#2260 closed help (fixed)

Run exceeding time on ARCHER

Reported by: vanniere Owned by: ros
Component: UM Model Keywords:
Cc: Platform: ARCHER
UM Version: 10.3

Description

u-ap799 is copy of a ncas-training simulation (u-ag137) where a few stash were changed together with the number of nodes.
It was supposed to be a 16-month runs. It stops after doing around 6 months by exceeding the 1-hour time limit, whereas all the previous cycles were done in 20min.
It does not write any output during this last cycle. I tried to restart a couple of time but it didn’t change anything.

On archer:
/home/n02/n02/vanniere/work/cylc-run/u-ap799

u-ap936 is a copy of u-ap799 that was recompiled.

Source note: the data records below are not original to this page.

(* Let $Y=HX+Z$ where $X\sim U(-a/2,a/2)$, $Z\sim N(0,\sigma^2)$, and $H\ge0$ are independent, and the density of $H$ is a regular fading distribution. Let $i(X;Y,H)=\ln\frac{f(Y\mid H,X)}{f(Y\mid H)}$. Then there is a constant $0<\alpha\le1$ such that, for large enough $a/\sigma$: (1) $I(X;Y,H)=E\{i(X;Y,H)\}=E\left\{\tfrac12\ln\!\left(\tfrac{a^2H^2}{2\pi e\sigma^2}\right)\right\}+O((\sigma/a)^\alpha)$; (2) $\mathrm{Var}(i(X;Y,H))=\tfrac12+\mathrm{Var}\!\left(\tfrac12\ln\!\left(\tfrac{H^2}{2\pi e\sigma^2}\right)\right)+O((\sigma/a)^{\alpha/2})$; (3) $\rho_3=E\{|i(X;Y,H)-I(X;Y,H)|^3\}<\infty$.
   Context: A PDF $f$ on $[0,\infty)$ is a regular fading distribution if there exists $\alpha'>0$ with $f(h)\propto h^{\alpha'-1}$ for all sufficiently small $h>0$. The fading satisfies $E\{H^2\}=1$ (standing assumption). *)

theory Defs
  imports "HOL-Probability.Probability"
begin

definition is_pdf_nonneg :: "(real \<Rightarrow> real) \<Rightarrow> bool" where
  "is_pdf_nonneg f \<longleftrightarrow> f \<in> borel_measurable lborel \<and> (\<forall>h. 0 \<le> f h) \<and>
     (\<forall>h<0. f h = 0) \<and> (\<integral>\<^sup>+ h. ennreal (f h) \<partial>lborel) = 1"

definition regular_fading :: "(real \<Rightarrow> real) \<Rightarrow> bool" where
  "regular_fading f \<longleftrightarrow> is_pdf_nonneg f \<and>
     (\<exists>\<alpha>'>0. \<exists>c>0. \<exists>\<delta>>0. \<forall>h. 0 < h \<and> h < \<delta> \<longrightarrow> f h = c * h powr (\<alpha>' - 1))"

definition law_X :: "real \<Rightarrow> real measure" where
  "law_X a = uniform_measure lborel {-a/2<..<a/2}"

definition law_Z :: "real \<Rightarrow> real measure" where
  "law_Z \<sigma> = density lborel (\<lambda>z. ennreal (normal_density 0 \<sigma> z))"

definition law_H :: "(real \<Rightarrow> real) \<Rightarrow> real measure" where
  "law_H f = density lborel (\<lambda>h. ennreal (f h))"

definition joint_law :: "real \<Rightarrow> real \<Rightarrow> (real \<Rightarrow> real) \<Rightarrow> (real \<times> real \<times> real) measure" where
  "joint_law a \<sigma> f = law_X a \<Otimes>\<^sub>M (law_Z \<sigma> \<Otimes>\<^sub>M law_H f)"

definition cond_dens :: "real \<Rightarrow> real \<Rightarrow> real \<Rightarrow> real \<Rightarrow> real" where
  "cond_dens \<sigma> h x y = normal_density (h * x) \<sigma> y"

definition out_dens :: "real \<Rightarrow> real \<Rightarrow> real \<Rightarrow> real \<Rightarrow> real" where
  "out_dens a \<sigma> h y = (\<integral>x. cond_dens \<sigma> h x y \<partial>law_X a)"

definition info_dens :: "real \<Rightarrow> real \<Rightarrow> real \<Rightarrow> real \<Rightarrow> real \<Rightarrow> real" where
  "info_dens a \<sigma> x y h = ln (cond_dens \<sigma> h x y / out_dens a \<sigma> h y)"

definition info_rv :: "real \<Rightarrow> real \<Rightarrow> real \<times> real \<times> real \<Rightarrow> real" where
  "info_rv a \<sigma> \<omega> = (case \<omega> of (x, z, h) \<Rightarrow> info_dens a \<sigma> x (h * x + z) h)"

end

theory Submission
  imports Defs
begin

text \<open>
  For H, X in the support and Y = H X + Z one has, with t = (\<sigma>/a) powr (1/4),
  i(X;Y,H) = T(H) + W(Z) + B, where T(h) = ln (a h / sqrt (2 pi e \<sigma>^2)),
  W(z) = 1/2 - z^2/(2\<sigma>^2) is centred with variance 1/2, and B = - ln P \<ge> 0, P being the
  probability that a fresh N(0,\<sigma>^2) perturbation of Y stays in the window H(-a/2,a/2).
  A Gaussian lower bound on P gives B \<le> 4 + Z^2/\<sigma>^2 + \<bar>ln H\<bar>, whose fourth moment is finite
  because the fading density behaves like h powr (\<alpha>'-1) near 0. Chebyshev gives B \<le> 2t^2
  unless \<bar>Z\<bar> > \<sigma>/t, H < t^2 or X lies within 2\<sigma>/t^3 of an edge, an event of
  probability O(t + t powr (2\<alpha>')). Splitting along this event makes E B^2 small, which gives
  the mean; the variance follows because T(H) and W(Z) are independent, and the third moment
  is dominated by the fourth moment of the bound on B.
\<close>

lemma abs_2_mult_le_weighted_squares:
  fixes U V e :: real
  assumes e: "0 < e"
  shows "\<bar>2*U*V\<bar> \<le> e*U\<^sup>2 + V\<^sup>2/e"
proof -
  have "0 \<le> (e*\<bar>U\<bar> - \<bar>V\<bar>)\<^sup>2" by simp
  then have "2*e*(\<bar>U\<bar>*\<bar>V\<bar>) \<le> e\<^sup>2*U\<^sup>2 + V\<^sup>2"
    by (simp add: power2_eq_square algebra_simps abs_mult_self_eq)
  then have "2*(\<bar>U\<bar>*\<bar>V\<bar>) \<le> (e\<^sup>2*U\<^sup>2 + V\<^sup>2)/e" using e by (simp add: field_simps)
  also have "(e\<^sup>2*U\<^sup>2 + V\<^sup>2)/e = e*U\<^sup>2 + V\<^sup>2/e" using e by (simp add: field_simps power2_eq_square)
  finally show ?thesis by (simp add: abs_mult)
qed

Now the same problem as reported above occurs from the very first cycle.

On archer:
/home/n02/n02/vanniere/work/cylc-run/u-ap936

Let me know if you need any additional information.
Thank you for your help.

Best wishes,
Benoit

Change History (3)

comment:1 Changed 22 months ago by ros

  • Owner changed from um_support to ros
  • Status changed from new to accepted

Hi Benoit,

We are investigating this and are aware of another user experiencing slow running jobs on ARCHER. There have been some weird things going on with ARCHER in the last day or so and we are in conversation with them.

At the moment I can only suggest increasing the walltime to allow you to continue with the run in the meantime.

Cheers,
Ros.

comment:2 Changed 22 months ago by vanniere

Hi Ros,

Grenville told me that the Cray team identified “a possible user running jobs which is causing a lot of i/o contention on fs2 (/work for n02)” , resulting in the poor performance on ARCHER.

It seems all sorted now as my job is running ok.

Thank you for your help on that.
Cheers,
Benoit

comment:3 Changed 22 months ago by willie

  • Resolution set to fixed
  • Status changed from accepted to closed
Note: See TracTickets for help on using tickets.